Bir nevi dream team kurulmuştu. Dream team derken yanlış anlamayın, dream 5 demek daha doğru olur. O zamanlar memleket basketbolunda öyle 12 kişilik ( zaten kadrolar 12 değil 10 kişilikti ) rotasyon falan hak getire. İlk 5 başlayanlar 40 dakikanın en az 30'unda sahada kalırdı. Benchten 1-2 kişi arada sahaya girerler onlar da en fazla savunma yaparlar, rakibin çok sayı atan adamını yıpratırlar falan.
Bizim 1986-87 sezonu kadrosunun dream 5'i de Aliço, Fatih Özal, Erman Kunter, Ferhat Oktay ve Örümcek Pete Williams'tan oluşuyordu işte. Spor serginin kalaslardan müteşekkil, süspansiyonlu tribünleri sezon boyunca tozlu parkeleri cilalayan bu harika 5'linin tempolu, gözlere basketbol ziyafeti veren kadronun hareketleriyle hop oturdu, hop kalktı. Erman'ın 153 sayılık oha dedirten sayı rekoru da bu sezonun son maçına denk gelir.
Neyse, ''20 yıllık bu çile bitsin artık bu sene'' diye inlettiğimiz spor sergide en güzel anılarımız arasında Pete Williams'ın o yay gibi gerili vücudunun topu eline aldığı anda okun yaydan fırlaması gibi parkeden havalanıp potaya asıldığı enstantaneler baş köşededir. Pek görmeye alışık olmadığımız türden çift elle ters smaçlarda çocuk oyuncağıydı onun için.

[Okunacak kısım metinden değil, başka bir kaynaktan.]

(* Let $D,D'\in\mathcal{D}_1$ be persistence measures. Then \[ \|\beta_k(D)-\beta_k(D')\|_{L^1(\mathbb{R})}\le 2\,d_1(D,D'). \]
   Context: $\overline{\mathcal{X}}=\{(x,y)\in\mathbb{R}^2:y\le x\}$, $\mathcal{X}=\{y<x\}$, $\Delta$ the diagonal. $\mathbb{R}^2$ carries the metric $d_\infty((x,y),(x',y'))=\max\{|x-x'|,|y-y'|\}$, and $d_\infty((x,y),\Delta)=\frac12|y-x|$. $\mathcal{D}_1$ is the set of Radon measures $\mu$ on $\overline{\mathcal{X}}$ with $\int d_\infty(z,\Delta)\,d\mu(z)<\infty$. $d_1(\mu,\nu)=\inf_\pi\int_{\overline{\mathcal{X}}^2}d_\infty(z,w)\,d\pi(z,w)$ over Radon measures $\pi$ on $\overline{\mathcal{X}}^2$ with $\pi(A\times\overline{\mathcal{X}})=\mu(A)$ and $\pi(\overline{\mathcal{X}}\times B)=\nu(B)$ for all Borel $A,B\subset\mathcal{X}$. For $x\in\mathbb{R}$, $R_x=[x,\infty[\times]-\infty,x]$, and for a persistence measure $D$, $\beta_k(D)(x)=D(R_x)$ (the index $k$ refers to the homological degree the diagram comes from). *)

theory Defs
  imports "HOL-Analysis.Analysis"
begin

type_synonym pt = "real \<times> real"

definition Xbar :: "pt set" where
  "Xbar = {(x, y). y \<le> x}"

definition Xopen :: "pt set" where
  "Xopen = {(x, y). y < x}"

definition dinf :: "pt \<Rightarrow> pt \<Rightarrow> real" where
  "dinf z w = max \<bar>fst z - fst w\<bar> \<bar>snd z - snd w\<bar>"

definition dinf_diag :: "pt \<Rightarrow> real" where
  "dinf_diag z = \<bar>snd z - fst z\<bar> / 2"

text \<open>Radon (= locally finite Borel) measure on the closed half-plane Xbar,
  represented as a Borel measure on the plane carried by Xbar.\<close>
definition radon_on_Xbar :: "pt measure \<Rightarrow> bool" where
  "radon_on_Xbar M \<longleftrightarrow> sets M = sets borel \<and> emeasure M (- Xbar) = 0 \<and>
     (\<forall>K. compact K \<and> K \<subseteq> Xbar \<longrightarrow> emeasure M K < \<infinity>)"

definition D1 :: "pt measure set" where
  "D1 = {M. radon_on_Xbar M \<and> (\<integral>\<^sup>+ z. ennreal (dinf_diag z) \<partial>M) < \<infinity>}"

definition radon_on_Xbar2 :: "(pt \<times> pt) measure \<Rightarrow> bool" where
  "radon_on_Xbar2 P \<longleftrightarrow> sets P = sets borel \<and> emeasure P (- (Xbar \<times> Xbar)) = 0 \<and>
     (\<forall>K. compact K \<and> K \<subseteq> Xbar \<times> Xbar \<longrightarrow> emeasure P K < \<infinity>)"

definition admissible_plan :: "pt measure \<Rightarrow> pt measure \<Rightarrow> (pt \<times> pt) measure \<Rightarrow> bool" where
  "admissible_plan \<mu> \<nu> P \<longleftrightarrow> radon_on_Xbar2 P \<and>
     (\<forall>A \<in> sets borel. A \<subseteq> Xopen \<longrightarrow> emeasure P (A \<times> Xbar) = emeasure \<mu> A) \<and>
     (\<forall>B \<in> sets borel. B \<subseteq> Xopen \<longrightarrow> emeasure P (Xbar \<times> B) = emeasure \<nu> B)"

definition d1 :: "pt measure \<Rightarrow> pt measure \<Rightarrow> ennreal" where
  "d1 \<mu> \<nu> = (INF P \<in> {P. admissible_plan \<mu> \<nu> P}.
              \<integral>\<^sup>+ zw. ennreal (dinf (fst zw) (snd zw)) \<partial>P)"

definition Rx :: "real \<Rightarrow> pt set" where
  "Rx x = {x..} \<times> {..x}"

text \<open>Persistent Betti curve; D(R_x) is finite for D in D1.\<close>
definition beta :: "pt measure \<Rightarrow> real \<Rightarrow> real" where
  "beta D x = enn2real (emeasure D (Rx x))"

end

theory Submission
  imports Defs
begin

(* Fix an admissible plan P between D and D' and put S x = Rx x \<inter> Xopen. Away from the
  countably many x at which D or D' charges the diagonal point (x, x), beta D x and beta D' x
  are the P-masses of S x \<times> Xbar and Xbar \<times> S x, so their difference is at most the P-mass
  of the pairs (z, w) of which exactly one lies in S x. Integrating in x and exchanging the
  order of integration, the inner integral becomes the length of the symmetric difference
  of the bars [snd z, fst z] and [snd w, fst w], which is at most
  \<bar>fst z - fst w\<bar> + \<bar>snd z - snd w\<bar> \<le> 2 dinf z w. *)

lemma borel_measurable_fst [measurable]:
  "fst \<in> borel_measurable (borel :: ('a::second_countable_topology \<times> 'b::second_countable_topology) measure)"
  by (intro borel_measurable_continuous_onI continuous_on_fst continuous_on_id)

lemma borel_measurable_snd [measurable]:
  "snd \<in> borel_measurable (borel :: ('a::second_countable_topology \<times> 'b::second_countable_topology) measure)"
  by (intro borel_measurable_continuous_onI continuous_on_snd continuous_on_id)

lemma ennreal_le_mult_INF:
  fixes x c :: ennreal
  assumes "c \<noteq> 0" "c \<noteq> \<infinity>" and "\<And>i. i \<in> I \<Longrightarrow> x \<le> c * f i"
  shows "x \<le> c * (INF i\<in>I. f i)"
proof -
  have "x / c \<le> (INF i\<in>I. f i)"
    using assms by (intro INF_greatest divide_le_posI_ennreal) (auto simp: zero_less_iff_neq_zero)
  then have "c * (x / c) \<le> c * (INF i\<in>I. f i)"
    by (rule mult_left_mono) simp
  moreover have "c * (x / c) = x"
    using assms by (simp add: ennreal_times_divide mult.commute[of c] ennreal_mult_divide_eq)
  ultimately show ?thesis by simp
qed

lemma abs_measure_diff_le_emeasure_sym_diff:
  assumes "A \<in> sets M" "B \<in> sets M" "emeasure M A < \<infinity>" "emeasure M B < \<infinity>"
  shows "ennreal \<bar>measure M A - measure M B\<bar> \<le> emeasure M (sym_diff A B)"
proof -
  have fA: "A \<in> fmeasurable M" and fB: "B \<in> fmeasurable M"
    using assms by (auto intro: fmeasurableI)
  have le: "measure M X \<le> measure M Y + measure M (sym_diff A B)"
    if "X \<in> fmeasurable M" "Y \<in> fmeasurable M" "X - Y \<subseteq> sym_diff A B" for X Y
  proof -
    have "measure M X \<le> measure M (Y \<union> sym_diff A B)"
      using that fA fB by (intro measure_mono_fmeasurable) auto
    also have "\<dots> \<le> measure M Y + measure M (sym_diff A B)"
      using that fA fB by (intro measure_Un_le) auto
    finally show ?thesis .
  qed
  have "\<bar>measure M A - measure M B\<bar> \<le> measure M (sym_diff A B)"
    using le[OF fA fB] le[OF fB fA] by auto
  then have "ennreal \<bar>measure M A - measure M B\<bar> \<le> ennreal (measure M (sym_diff A B))"
    by (rule ennreal_leI)
  also have "\<dots> = emeasure M (sym_diff A B)"
    using fA fB by (intro emeasure_eq_measure2[symmetric]) auto
  finally show ?thesis .
qed

lemma emeasure_compact_less_top_if_null_outside:
  fixes M :: "'a::t2_space measure"
  assumes sets: "sets M = sets borel" and "closed C" and null: "emeasure M (- C) = 0"
    and fin: "\<And>K. compact K \<Longrightarrow> K \<subseteq> C \<Longrightarrow> emeasure M K < \<infinity>" and "compact K"
  shows "emeasure M K < \<infinity>"
proof -
  have K: "K \<in> sets M" and C: "C \<in> sets M" and "- C \<in> sets M"
    using sets \<open>closed C\<close> \<open>compact K\<close> by (simp_all add: borel_closed compact_imp_closed)
  have "emeasure M K \<le> emeasure M (K \<inter> C) + emeasure M (K - C)"
    using K C by (metis Int_Diff_Un emeasure_subadditive sets.Diff sets.Int order_refl)
  also have "emeasure M (K - C) \<le> emeasure M (- C)"
    using \<open>- C \<in> sets M\<close> by (intro emeasure_mono) auto
  finally have "emeasure M K \<le> emeasure M (K \<inter> C)"
    using null by simp
  also have "\<dots> < \<infinity>"
    using fin \<open>closed C\<close> \<open>compact K\<close> by (simp add: compact_Int_closed)
  finally show ?thesis .
qed

lemma sigma_finite_if_compact_finite:
  fixes M :: "'a::{heine_borel, real_normed_vector} measure"
  assumes sets: "sets M = sets borel" and fin: "\<And>K. compact K \<Longrightarrow> emeasure M K < \<infinity>"
  shows "sigma_finite_measure M"
proof
  let ?A = "range (\<lambda>n::nat. cball (0::'a) (real n))"
  have "x \<in> \<Union>?A" for x
    using real_arch_simple[of "norm x"] by auto
  moreover have "space M = UNIV"
    using sets by (metis sets_eq_imp_space_eq space_borel)
  moreover have "?A \<subseteq> sets M" "\<forall>a\<in>?A. emeasure M a \<noteq> \<infinity>"
    using sets fin[OF compact_cball] by (auto simp: less_top)
  ultimately show "\<exists>A. countable A \<and> A \<subseteq> sets M \<and> \<Union>A = space M \<and> (\<forall>a\<in>A. emeasure M a \<noteq> \<infinity>)"
    by (intro exI[of _ ?A]) auto
qed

Pek uzun bir oyuncu değildi bizim spider. 2.00 metre civarı, şimdinin pivotları için hayli ince bir yapıdaydı ayrıca. Onu hayranlıkla izlerken Eczacıbaşı efsanesi henüz başlamamış ama Tamer Oyguç'ların, Orhun'ların henüz bıyıklarının yeni terlediği o günler alttan alta Eczacı efsanesinin mayalandığı günlerdi. Bizim Pete'in Amerika'daki kankisi Larry Richard'da işte o Eczacıbaşı'nın genç, mütevazi kadrosunda yer buluvermişti, sanırım ligimizin en ucuz yabancısıydı o sezon ama en faydalılarından biriydi aynı zamanda.
Normal sezonu Pete Williams'lı Fenerbahçe lider bitirirken örümcek adamın kankisi Richard'ın Eczacıbaşı'sı nefes nefese ancak 7. olarak kalabilmişti play-off lara, aslında bu sonucun bile onlar için başarı olduğu söylenebilirdi.
Bu ikili için hayli ilginç bir sezon oluyordu aslında şampiyonluğun mutlak favorisi olan Fenerbahçe'nin Pete Williams'ı play-off lar başlayıpta yoğun maç trafiğine girince aksamaya başlamış, zirve için pek toy olan Richard ve arkadaşları Galatasaray'ı geçip sezon öncesi ancak rüyalarında görebilecekleri finallere adlarını yazdırmışlardı.
Fenerbahçe'nin kadrosu derin değil Erman ve Williams'tan başka silahı yok, plaf-off larda sert ve yoğun maç trfiğinde zorlanacaklar diyenler haklı çıkıyor gibiydi. Önce bu güne dek tanıdığım en iyi yerli guardlardan birisi olan Necati ve Levent Topsakal önderliğindeki İ.T.Ü'yü zar zor geçip yarı finale kalmıştı. Harika bir açık alan oyuncusu olarak Fenerbahçe basketbol sevdalılarına sezon boyunca unutulmaz hazlar yaşatan Pete insan azmanı gerçek bir pivot karşısında 3 günde bir maça çıkınca teklemeye başlamıştı.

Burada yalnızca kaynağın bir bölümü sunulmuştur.